Night check, on the other hand, is a different kind of ass-backwards; catch a couple of late flights in and fix whatever gripes the officers make up, including classics like:

  1. “It smells like burning toast in the back of the aircraft.”
  2. “The rudder sticks when held in position for too long.”
  3. “The seats are uncomfortable.”

VAW-125 E2C sits on a flight line

(Sung Kim)

A flight rolls in. Unphased, I throw up a salute, welcome the aircrew back, and start my inspection.

Every DET has its ups and downs. Sometimes you’re flying exercises at TOPGUN in the middle of Fallon, Nevada, sometimes you’re drinking double-shot margaritas with a parrot on your shoulder in Key West. This time, it was the latter.
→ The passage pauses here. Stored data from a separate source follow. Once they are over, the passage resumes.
theorem lemma3p1:
  fixes C :: "('o,'m) moncat"
    and F G :: "('o,'m) endofunctor"
    and \<Delta> \<epsilon> \<delta> \<epsilon>' \<phi> :: "'o \<Rightarrow> 'm"
    and F2 G2 :: "'o \<Rightarrow> 'o \<Rightarrow> 'm"
    and F0 G0 :: 'm
  assumes "is_monoidal C"
    and "is_bicomonad C F \<Delta> \<epsilon> F2 F0"
    and "is_bicomonad C G \<delta> \<epsilon>' G2 G0"
    and "is_distributive_law C F \<Delta> \<epsilon> G \<delta> \<epsilon>' \<phi>"
  shows "bicomodules_monoidal C F \<Delta> \<epsilon> F2 F0 G \<delta> \<epsilon>' G2 G0 \<phi> \<longleftrightarrow>
    ((\<forall>M N. ccomp C (\<phi> (tobj C M N)) (ccomp C (fm F (G2 M N)) (F2 (fo G M) (fo G N)))
            = ccomp C (fm G (F2 M N)) (ccomp C (G2 (fo F M) (fo F N)) (tmor C (\<phi> M) (\<phi> N)))) \<and>
     ccomp C (\<phi> (unit C)) (ccomp C (fm F G0) F0) = ccomp C (fm G F0) G0)"
proof -
  interpret distributive_bicomonads C F \<Delta> \<epsilon> F2 F0 G \<delta> \<epsilon>' G2 G0 \<phi>
    using assms by (simp add: distributive_bicomonads_def distributive_bicomonads_axioms_def
        bicomonad_def bicomonad_axioms_def monoidal_category_def)
  show ?thesis
    using compatible_if_monoidal monoidal_if_compatible
    unfolding tensor_compatible_def unit_compatible_def by blast
qed

end
lemma fcomb_id_sum: "fcomb id rs \<alpha> = (\<Sum>k\<le>length rs. (if k = 0 then 1 else rs!(k-1)) * \<alpha> k)"
  unfolding fcomb_def by (simp add: sum.atMost_shift)

definition fspec :: "('a::field \<Rightarrow> 'b::field) \<Rightarrow> 'b list \<Rightarrow> 'a list \<Rightarrow> 'b \<Rightarrow> 'a" where
  "fspec h es rs = (\<lambda>s. fcomb id rs (fcoord h es s))"

lemma field_hom_id: "field_hom (id :: 'a::field \<Rightarrow> 'a)"
  by unfold_locales auto

context field_hom begin

lemma fcomb_diff: "fcomb hom es \<alpha> - fcomb hom es \<beta> = fcomb hom es (\<lambda>k. \<alpha> k - \<beta> k)"
  unfolding fcomb_def by (simp add: hom_distribs right_diff_distrib sum_subtractf algebra_simps)

lemma fcomb_scale: "hom c * fcomb hom es \<alpha> = fcomb hom es (\<lambda>k. c * \<alpha> k)"
  unfolding fcomb_def by (simp add: hom_mult distrib_left sum_distrib_left algebra_simps)

lemma fcomb_sum: "(\<Sum>i\<in>I. fcomb hom es (\<alpha> i)) = fcomb hom es (\<lambda>k. \<Sum>i\<in>I. \<alpha> i k)"
  unfolding fcomb_def by (simp add: hom_sum sum.distrib sum_distrib_left sum.swap[of _ I])

lemma fcomb_const: "fcomb hom es (\<lambda>k. if k = 0 then c else 0) = hom c"
  unfolding fcomb_def by simp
I stroll into the hangar for muster a little disoriented and hungover from exploring the town the night before. Another surprising Navy DET tradition is to drink — and to drink heavily. Detachments are the only time fraternization is brushed under the rug; an E1 sailor and an officer can be seen throwing back a couple shots, calling each other by their first names, but find their military bearing by 0600 the next morning.
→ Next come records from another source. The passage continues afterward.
(* Let $d\ge2$, $\tau>0$, $2d/3<p\le d$ and $u\in\mathcal E_p$. Then there is $C=C(d,p)$ such that for all $t>0$, $$\|B(u,u)(t)\|_{L^{d/2}}\le C\,\tau^{-3/2+d/p}\,|\!|\!|u|\!|\!|_p^2.$$ In particular $B(u,u)\in L^\infty(0,\infty;L^{d/2}(\mathbb{R}^d))$.
   Context: $\mathcal E_p=\{u\in L^\infty_{\rm loc}(0,\infty;L^p(\mathbb{R}^d)):|\!|\!|u|\!|\!|_p=\operatorname{ess\,sup}_{t>0}t^{1-d/(2p)}\|u(t)\|_{L^p}<\infty\}$. $\mathbb Lz(t)=\tau^{-1}\int_0^t\nabla e^{\tau^{-1}(t-s)\Delta}z(s)\,ds$, $B(u,z)(t)=-\int_0^t\nabla e^{(t-s)\Delta}\cdot(u(s)\mathbb Lz(s))\,ds$, with $e^{t\Delta}$ the heat semigroup on $\mathbb{R}^d$. *)

theory Defs
  imports "HOL-Analysis.Analysis"
begin

text \<open>Spatial dimension d = CARD('d); points of R^d are of type real^'d.\<close>

definition Lpnorm :: "real \<Rightarrow> ('a::euclidean_space \<Rightarrow> real) \<Rightarrow> ennreal" where
  "Lpnorm p f =
     (let I = (\<integral>\<^sup>+ x. ennreal (\<bar>f x\<bar> powr p) \<partial>lborel)
      in if I = \<infinity> then \<infinity> else ennreal (enn2real I powr (1 / p)))"

definition heat_kernel :: "real \<Rightarrow> real^'d \<Rightarrow> real" where
  "heat_kernel t x = (4 * pi * t) powr (- real CARD('d) / 2) * exp (- (norm x)\<^sup>2 / (4 * t))"

definition grad_heat_kernel :: "real \<Rightarrow> real^'d \<Rightarrow> real^'d" where
  "grad_heat_kernel t x = (- heat_kernel t x / (2 * t)) *\<^sub>R x"

text \<open>Lz(t) = tau^{-1} int_0^t grad e^{tau^{-1}(t-s) Delta} z(s) ds  (pointwise in x).\<close>
definition Lop :: "real \<Rightarrow> (real \<Rightarrow> real^'d \<Rightarrow> real) \<Rightarrow> real \<Rightarrow> real^'d \<Rightarrow> real^'d" where
  "Lop \<tau> z t x = (1 / \<tau>) *\<^sub>R
     (LINT s:{0<..<t}|lborel. (LINT y|lborel. z s y *\<^sub>R grad_heat_kernel ((t - s) / \<tau>) (x - y)))"

text \<open>B(u,z)(t) = - int_0^t grad e^{(t-s)Delta} . (u(s) Lz(s)) ds  (pointwise in x).\<close>
definition Bop :: "real \<Rightarrow> (real \<Rightarrow> real^'d \<Rightarrow> real) \<Rightarrow> (real \<Rightarrow> real^'d \<Rightarrow> real) \<Rightarrow> real \<Rightarrow> real^'d \<Rightarrow> real" where
  "Bop \<tau> u z t x = - (LINT s:{0<..<t}|lborel.
      (LINT y|lborel. grad_heat_kernel (t - s) (x - y) \<bullet> (u s y *\<^sub>R Lop \<tau> z s y)))"

definition triple_norm :: "real \<Rightarrow> (real \<Rightarrow> real^'d \<Rightarrow> real) \<Rightarrow> ennreal" where
  "triple_norm p u = Inf {M. AE t in lborel. t > 0 \<longrightarrow>
      ennreal (t powr (1 - real CARD('d) / (2 * p))) * Lpnorm p (u t) \<le> M}"

text \<open>E_p: (jointly measurable representatives of) strongly measurable
  u : (0,oo) -> L^p(R^d) with finite |||u|||_p (this implies L^oo_loc).\<close>
definition Ep :: "real \<Rightarrow> (real \<Rightarrow> real^'d \<Rightarrow> real) set" where
  "Ep p = {u. (\<lambda>(t, x). u t x) \<in> borel_measurable (lborel \<Otimes>\<^sub>M lborel)
              \<and> triple_norm p u < \<infinity>}"

end

theory Submission
  imports Defs "HOL-Probability.Distributions"
begin

text \<open>Moving absolute values inside the integrals bounds \<open>|B(u,u)(t)|\<close> by a nonnegative
  double time-space convolution. In space, the gradient of the heat kernel satisfies
  \<open>\<parallel>\<nabla>G\<^sub>r\<parallel>\<^sub>a = c r\<^bsup>d/(2a) - (d+1)/2\<^esup>\<close>, so Young's inequality (Minkowski in time,
  realised by a weighted Hoelder inequality) and the beta integral
  \<open>\<integral>\<^sub>0\<^sup>s (s-\<sigma>)\<^sup>e \<sigma>\<^sup>\<beta> d\<sigma> = C s\<^bsup>1+e+\<beta>\<^esup>\<close> give
  \<open>\<parallel>L u(s)\<parallel>\<^sub>q \<le> C \<tau>\<^bsup>-3/2+d/p\<^esup> s\<^bsup>1/2-d/(2p)\<^esup> |||u|||\<^sub>p\<close> with \<open>1/q = 2/d - 1/p\<close>. Hoelder gives
  \<open>\<parallel>u L u(s)\<parallel>\<^sub>d\<^sub>/\<^sub>2 \<le> C s\<^bsup>-1/2\<^esup>\<close>, and the \<open>L\<^sup>1\<close> bound \<open>(t-s)\<^bsup>-1/2\<^esup>\<close> on \<open>\<nabla>G\<^sub>t\<^sub>-\<^sub>s\<close>
  leaves \<open>\<integral>\<^sub>0\<^sup>t (t-s)\<^bsup>-1/2\<^esup> s\<^bsup>-1/2\<^esup> ds = \<pi>\<close>, independent of \<open>t\<close>. The range
  \<open>2d/3 < p \<le> d\<close> is exactly what makes the Young exponents admissible and the beta
  integrals finite.\<close>

section \<open>Hoelder and Young inequalities on \<open>[0, \<infinity>]\<close>\<close>

text \<open>Powers on \<open>[0, \<infinity>]\<close>, meant for exponents \<open>r \<ge> 0\<close>: \<open>x\<^sup>0 = 1\<close> and \<open>\<infinity>\<^sup>r = \<infinity>\<close> for \<open>r > 0\<close>.\<close>
definition enn_powr :: "ennreal \<Rightarrow> real \<Rightarrow> ennreal" where
  "enn_powr x r = (if r = 0 then 1 else if x = top then top else ennreal (enn2real x powr r))"

lemma enn_powr_0[simp]: "enn_powr x 0 = 1" by (simp add: enn_powr_def)
lemma enn_powr_1[simp]: "enn_powr x 1 = x"
  by (cases x) (auto simp: enn_powr_def)
lemma top_enn_powr[simp]: "r \<noteq> 0 \<Longrightarrow> enn_powr top r = top" by (simp add: enn_powr_def)
lemma zero_enn_powr[simp]: "r \<noteq> 0 \<Longrightarrow> enn_powr 0 r = 0" by (simp add: enn_powr_def)
lemma enn_powr_ennreal: "0 \<le> c \<Longrightarrow> r \<noteq> 0 \<Longrightarrow> enn_powr (ennreal c) r = ennreal (c powr r)"
  by (simp add: enn_powr_def)
lemma enn_powr_ennreal_pos: "0 < c \<Longrightarrow> enn_powr (ennreal c) r = ennreal (c powr r)"
  by (simp add: enn_powr_def)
Naval Air Station Key West: Where magic happens.

I check the flight schedule and don my gear as I see my name scribbled on the board. My supervisor yells for me as I’m running out the door to catch my flight.

“Listen Kim, the sooner we get this sh*t done, the sooner we’re off — and the sooner we’re off, the sooner we’re at Cowboy Bill’s!”

Blurry, much like the memory of the night.

Photo by Sung Kim

On Wednesdays, the neon lights of Cowboy Bill’s is a beautiful sight for any metaphorically shipwrecked sailor, marooned far from home and looking for good times, cheap drinks, and morally flexible women. There, they honor a time-old tradition, one that’s highly recommended by the saltier vets in the squadron: topless mechanical bull riding. And it’s every bit of Christmas your six-year-old heart could ever dream of.

Warrant’s “Cherry Pie” will exist for as long as strip clubs do.

I’m one flight away from having Warrant’s “Cherry Pie” ring in my ears and I’ve already picked up scent of the drunken regret ahead of me when I get the call over the radio: My pilot discovered a hole in one of the stabilizing rudders. Unlike most complaints, this was an actual gripe that downs an aircraft. And if the aircraft is down, pilots can’t get their hours in.

I mourn the loss of the wonderland filled with inebriated bachelorettes slow-grinding on a mechanical bull that I’d built in my foolish imagination.

A quarter-sized divot in the rudder stands between me and my paradise; a quarter-sized problem that’s about to be fixed with a dollar-sized piece of duct tape. I run into the shop, grab a roll of duct tape, patch the hole, and epoxy the sides so that the integrity of the tape stays flush while in flight. My supervisor signs off on it, calls maintenance control, and we’ve got the green light.

Upon pre-flight inspection, my pilot calls me up to the top of the aircraft. “What is that, Kim? Duct tape?” I panic.

“No sir, it’s high-speed aero-tape sir,” I lie, reflexively. What am I doing? Why wouldn’t he know what duct tape looks like?

He’s puzzled because he’s never heard of it, so he summons my supervisor. He hasn’t heard of it because it doesn’t exist, just like my soon-to-be-over naval career.

“High-speed aero-tape?” My supervisor chuckles. “You’re lucky we’re on DET son, as soon as this b*tch comes back, write that sh*t up for day check. We’re going to Cowboy Bill’s.”

I was bailed out. My supervisor had my back like he always did and confirmed that the hardware store duct tape my lieutenant (with an engineering degree) saw, was, in fact, a fictional, quick temporary fix patch substance called, “High-Speed Aero-Tape.”

But hey, if you can’t fix it with duct tape, it can’t be fixed.